WHAT IS REQUIRED
Among the entries below, how many lines contain the string "assumes"? Reply with that number alone.

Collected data
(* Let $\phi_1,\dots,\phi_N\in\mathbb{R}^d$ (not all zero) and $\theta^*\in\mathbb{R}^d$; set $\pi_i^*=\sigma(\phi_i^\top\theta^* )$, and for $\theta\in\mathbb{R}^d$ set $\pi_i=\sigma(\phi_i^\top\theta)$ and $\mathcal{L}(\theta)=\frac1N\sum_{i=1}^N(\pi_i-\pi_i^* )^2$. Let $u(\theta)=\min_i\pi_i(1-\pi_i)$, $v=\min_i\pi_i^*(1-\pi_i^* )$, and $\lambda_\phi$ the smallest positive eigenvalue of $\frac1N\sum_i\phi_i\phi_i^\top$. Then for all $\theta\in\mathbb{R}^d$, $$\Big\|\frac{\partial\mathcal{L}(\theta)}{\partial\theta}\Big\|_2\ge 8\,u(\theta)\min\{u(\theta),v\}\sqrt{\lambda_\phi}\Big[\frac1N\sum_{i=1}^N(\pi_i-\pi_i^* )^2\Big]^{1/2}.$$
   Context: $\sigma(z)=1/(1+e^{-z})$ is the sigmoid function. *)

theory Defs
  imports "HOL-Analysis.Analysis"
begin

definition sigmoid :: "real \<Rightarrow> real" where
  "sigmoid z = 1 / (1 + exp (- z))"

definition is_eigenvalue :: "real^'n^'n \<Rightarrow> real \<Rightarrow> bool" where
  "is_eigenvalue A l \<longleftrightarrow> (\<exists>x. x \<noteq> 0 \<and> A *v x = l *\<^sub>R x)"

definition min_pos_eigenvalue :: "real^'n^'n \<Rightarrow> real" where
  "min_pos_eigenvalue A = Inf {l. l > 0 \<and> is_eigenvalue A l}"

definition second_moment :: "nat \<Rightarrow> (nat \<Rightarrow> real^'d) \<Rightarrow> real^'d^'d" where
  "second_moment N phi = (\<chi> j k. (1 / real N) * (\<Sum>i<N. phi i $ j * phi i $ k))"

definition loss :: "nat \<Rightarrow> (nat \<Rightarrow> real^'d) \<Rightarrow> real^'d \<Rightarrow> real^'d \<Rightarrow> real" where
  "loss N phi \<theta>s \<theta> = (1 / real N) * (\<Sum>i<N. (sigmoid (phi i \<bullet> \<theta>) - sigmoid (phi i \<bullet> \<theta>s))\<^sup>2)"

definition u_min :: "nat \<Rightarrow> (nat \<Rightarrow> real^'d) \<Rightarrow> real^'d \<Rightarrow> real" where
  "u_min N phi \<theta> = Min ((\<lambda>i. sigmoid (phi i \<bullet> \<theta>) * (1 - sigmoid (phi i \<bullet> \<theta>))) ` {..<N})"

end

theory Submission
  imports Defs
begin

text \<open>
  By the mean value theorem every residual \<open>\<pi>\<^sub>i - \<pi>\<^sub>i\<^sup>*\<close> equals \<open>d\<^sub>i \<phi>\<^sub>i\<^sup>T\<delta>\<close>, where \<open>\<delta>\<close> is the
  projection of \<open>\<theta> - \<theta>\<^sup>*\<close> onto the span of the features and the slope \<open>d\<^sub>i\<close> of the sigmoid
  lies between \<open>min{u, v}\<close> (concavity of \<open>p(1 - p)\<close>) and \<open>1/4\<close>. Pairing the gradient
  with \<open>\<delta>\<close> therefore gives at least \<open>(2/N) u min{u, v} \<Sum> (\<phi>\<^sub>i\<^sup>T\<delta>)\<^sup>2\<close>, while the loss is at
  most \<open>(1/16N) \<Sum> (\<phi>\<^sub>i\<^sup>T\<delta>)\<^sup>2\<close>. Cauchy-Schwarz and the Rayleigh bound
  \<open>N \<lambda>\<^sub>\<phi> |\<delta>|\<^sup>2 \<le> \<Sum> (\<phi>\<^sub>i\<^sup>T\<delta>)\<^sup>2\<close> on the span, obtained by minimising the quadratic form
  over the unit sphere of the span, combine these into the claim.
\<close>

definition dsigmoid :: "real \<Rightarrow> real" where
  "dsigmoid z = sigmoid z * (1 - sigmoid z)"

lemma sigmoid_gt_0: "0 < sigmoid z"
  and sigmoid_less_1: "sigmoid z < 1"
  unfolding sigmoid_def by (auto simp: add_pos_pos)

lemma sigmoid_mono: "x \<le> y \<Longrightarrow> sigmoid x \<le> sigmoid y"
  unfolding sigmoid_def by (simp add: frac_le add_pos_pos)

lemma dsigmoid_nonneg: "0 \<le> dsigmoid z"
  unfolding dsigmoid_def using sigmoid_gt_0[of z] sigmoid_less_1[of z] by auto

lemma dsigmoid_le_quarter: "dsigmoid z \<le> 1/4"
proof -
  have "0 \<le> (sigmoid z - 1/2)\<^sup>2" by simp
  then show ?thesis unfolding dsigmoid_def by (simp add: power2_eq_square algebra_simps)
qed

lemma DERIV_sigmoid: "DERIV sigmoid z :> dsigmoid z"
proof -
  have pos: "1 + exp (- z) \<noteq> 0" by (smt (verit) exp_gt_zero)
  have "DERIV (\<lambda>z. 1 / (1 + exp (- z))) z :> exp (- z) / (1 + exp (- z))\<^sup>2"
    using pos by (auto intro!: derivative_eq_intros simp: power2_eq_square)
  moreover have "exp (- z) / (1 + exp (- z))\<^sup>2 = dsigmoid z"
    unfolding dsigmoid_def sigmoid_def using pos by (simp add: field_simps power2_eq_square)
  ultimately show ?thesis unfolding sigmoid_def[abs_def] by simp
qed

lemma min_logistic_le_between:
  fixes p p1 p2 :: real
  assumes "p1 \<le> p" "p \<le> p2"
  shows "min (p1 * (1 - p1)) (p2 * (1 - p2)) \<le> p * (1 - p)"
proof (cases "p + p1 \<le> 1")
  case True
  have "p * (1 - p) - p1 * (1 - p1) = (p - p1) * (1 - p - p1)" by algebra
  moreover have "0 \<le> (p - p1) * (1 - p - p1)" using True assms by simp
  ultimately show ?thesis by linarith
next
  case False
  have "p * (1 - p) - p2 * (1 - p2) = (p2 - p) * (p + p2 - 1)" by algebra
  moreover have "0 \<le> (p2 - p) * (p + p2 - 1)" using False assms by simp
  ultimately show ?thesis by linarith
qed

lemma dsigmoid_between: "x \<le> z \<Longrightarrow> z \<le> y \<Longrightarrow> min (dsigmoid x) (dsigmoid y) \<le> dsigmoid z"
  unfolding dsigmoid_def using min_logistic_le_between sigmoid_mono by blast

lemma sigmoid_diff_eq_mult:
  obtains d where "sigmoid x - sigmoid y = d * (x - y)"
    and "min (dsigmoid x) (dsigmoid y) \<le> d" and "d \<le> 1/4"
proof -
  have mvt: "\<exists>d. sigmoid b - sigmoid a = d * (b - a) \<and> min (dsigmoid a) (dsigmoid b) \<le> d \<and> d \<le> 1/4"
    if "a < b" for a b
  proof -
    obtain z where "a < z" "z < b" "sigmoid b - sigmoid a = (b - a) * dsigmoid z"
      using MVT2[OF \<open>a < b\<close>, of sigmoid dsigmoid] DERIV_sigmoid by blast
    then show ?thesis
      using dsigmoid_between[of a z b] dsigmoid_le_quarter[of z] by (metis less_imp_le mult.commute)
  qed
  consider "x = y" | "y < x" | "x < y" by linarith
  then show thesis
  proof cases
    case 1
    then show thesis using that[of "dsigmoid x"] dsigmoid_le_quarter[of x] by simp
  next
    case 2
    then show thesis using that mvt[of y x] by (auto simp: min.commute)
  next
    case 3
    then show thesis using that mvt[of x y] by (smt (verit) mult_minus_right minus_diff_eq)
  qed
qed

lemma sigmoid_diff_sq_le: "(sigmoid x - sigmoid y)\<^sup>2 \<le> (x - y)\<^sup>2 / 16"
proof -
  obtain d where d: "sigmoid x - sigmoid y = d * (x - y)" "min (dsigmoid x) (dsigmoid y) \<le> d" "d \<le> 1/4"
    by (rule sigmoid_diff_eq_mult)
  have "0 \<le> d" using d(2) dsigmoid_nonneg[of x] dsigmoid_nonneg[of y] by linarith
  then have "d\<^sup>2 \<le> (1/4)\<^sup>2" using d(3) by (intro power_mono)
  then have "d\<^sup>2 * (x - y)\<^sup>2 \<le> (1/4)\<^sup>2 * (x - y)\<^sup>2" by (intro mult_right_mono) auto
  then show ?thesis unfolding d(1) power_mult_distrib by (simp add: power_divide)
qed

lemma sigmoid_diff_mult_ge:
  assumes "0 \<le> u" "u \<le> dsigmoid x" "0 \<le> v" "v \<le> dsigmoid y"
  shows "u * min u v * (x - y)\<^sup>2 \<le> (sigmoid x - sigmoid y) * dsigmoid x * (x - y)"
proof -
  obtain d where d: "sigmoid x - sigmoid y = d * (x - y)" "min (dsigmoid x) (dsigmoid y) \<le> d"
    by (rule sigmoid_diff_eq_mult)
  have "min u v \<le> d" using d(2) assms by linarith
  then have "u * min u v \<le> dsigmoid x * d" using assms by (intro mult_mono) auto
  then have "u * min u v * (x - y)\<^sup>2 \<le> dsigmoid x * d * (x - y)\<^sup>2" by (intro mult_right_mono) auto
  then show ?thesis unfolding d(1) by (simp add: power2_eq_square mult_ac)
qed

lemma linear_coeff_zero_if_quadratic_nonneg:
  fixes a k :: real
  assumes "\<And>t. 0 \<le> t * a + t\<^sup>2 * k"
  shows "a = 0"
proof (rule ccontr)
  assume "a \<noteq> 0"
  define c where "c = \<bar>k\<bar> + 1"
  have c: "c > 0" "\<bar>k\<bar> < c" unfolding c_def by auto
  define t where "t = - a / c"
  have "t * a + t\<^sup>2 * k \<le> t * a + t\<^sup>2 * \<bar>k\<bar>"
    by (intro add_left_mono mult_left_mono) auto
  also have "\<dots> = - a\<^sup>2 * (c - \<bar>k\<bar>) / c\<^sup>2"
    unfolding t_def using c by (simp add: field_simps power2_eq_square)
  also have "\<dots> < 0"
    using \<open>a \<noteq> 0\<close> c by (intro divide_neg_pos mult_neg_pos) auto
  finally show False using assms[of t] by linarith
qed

ANSWER SPACE
3